▶ ACTIVITY
Once you have read the entries below, repeat all of them exactly.

(Data extracted from a collection)
[Start of section]

lemma proper_subspace_annihilator:
  assumes Y: "is_subspace R m Y" and proper: "Y \<noteq> vecs R m"
  shows "\<exists>c\<in>vecs R m. c \<noteq> vzero R \<and> (\<forall>y\<in>Y. dot R m c y = \<zero>)"
proof -
  obtain k y where y: "indep_seq R m k y" "\<forall>j<k. y j \<in> Y" "span_seq R k y = Y"
    using subspace_indep_basis[OF Y] by blast
  have "card Y < card (vecs R m)"
    using subspace_in_vecs[OF Y] proper finite_vecs by (meson psubsetI psubset_card_mono)
  then have "q ^ k < q ^ m" using card_span_seq[OF y(1)] y(3) card_vecs by simp
  then have km: "k < m" using card_carrier_ge_2 by (simp add: power_less_imp_less_exp)
  define C where "C = {c \<in> vecs R m. \<forall>l<k. dot R m c (y l) = \<zero>}"
  have "q ^ k * q ^ (m - k) \<le> q ^ k * card C"
    using card_annihilator_ge[OF indep_seq_in_vecs[OF y(1)]] km
    by (simp add: C_def power_add[symmetric])
  moreover have "q \<le> q ^ (m - k)" using km card_carrier_ge_2 by (simp add: self_le_power)
  ultimately have "2 \<le> card C" using card_carrier_ge_2 by simp
  then obtain c where c: "c \<in> C" "c \<noteq> vzero R"
    by (metis card_le_Suc0_iff_eq not_less_eq_eq numeral_2_eq_2 subsetI subset_singletonD
        card.infinite empty_iff finite.emptyI finite_insert insert_iff)
  have cv: "c \<in> vecs R m" using c unfolding C_def by simp
  have K: "is_subspace R m {w \<in> vecs R m. dot R m c w = \<zero>}"
    unfolding is_subspace_def
    using dot_vadd_right[OF cv] dot_vsmult_right[OF cv] dot_vzero_right[OF cv] by auto
  have "Y \<subseteq> {w \<in> vecs R m. dot R m c w = \<zero>}"
    using span_seq_subset[OF K] y(1,3) c(1) indep_seq_in_vecs[OF y(1)] unfolding C_def
    by blast
  then show ?thesis using cv c(2) by blast
qed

[End of section]

▶ EXERCISE SOLUTION
lemma proper_subspace_annihilator:
  assumes Y: "is_subspace R m Y" and proper: "Y \<noteq> vecs R m"
  shows "\<exists>c\<in>vecs R m. c \<noteq> vzero R \<and> (\<forall>y\<in>Y. dot R m c y = \<zero>)"
proof -
  obtain k y where y: "indep_seq R m k y" "\<forall>j<k. y j \<in> Y" "span_seq R k y = Y"
    using subspace_indep_basis[OF Y] by blast
  have "card Y < card (vecs R m)"
    using subspace_in_vecs[OF Y] proper finite_vecs by (meson psubsetI psubset_card_mono)
  then have "q ^ k < q ^ m" using card_span_seq[OF y(1)] y(3) card_vecs by simp
  then have km: "k < m" using card_carrier_ge_2 by (simp add: power_less_imp_less_exp)
  define C where "C = {c \<in> vecs R m. \<forall>l<k. dot R m c (y l) = \<zero>}"
  have "q ^ k * q ^ (m - k) \<le> q ^ k * card C"
    using card_annihilator_ge[OF indep_seq_in_vecs[OF y(1)]] km
    by (simp add: C_def power_add[symmetric])
  moreover have "q \<le> q ^ (m - k)" using km card_carrier_ge_2 by (simp add: self_le_power)
  ultimately have "2 \<le> card C" using card_carrier_ge_2 by simp
  then obtain c where c: "c \<in> C" "c \<noteq> vzero R"
    by (metis card_le_Suc0_iff_eq not_less_eq_eq numeral_2_eq_2 subsetI subset_singletonD
        card.infinite empty_iff finite.emptyI finite_insert insert_iff)
  have cv: "c \<in> vecs R m" using c unfolding C_def by simp
  have K: "is_subspace R m {w \<in> vecs R m. dot R m c w = \<zero>}"
    unfolding is_subspace_def
    using dot_vadd_right[OF cv] dot_vsmult_right[OF cv] dot_vzero_right[OF cv] by auto
  have "Y \<subseteq> {w \<in> vecs R m. dot R m c w = \<zero>}"
    using span_seq_subset[OF K] y(1,3) c(1) indep_seq_in_vecs[OF y(1)] unfolding C_def
    by blast
  then show ?thesis using cv c(2) by blast
qed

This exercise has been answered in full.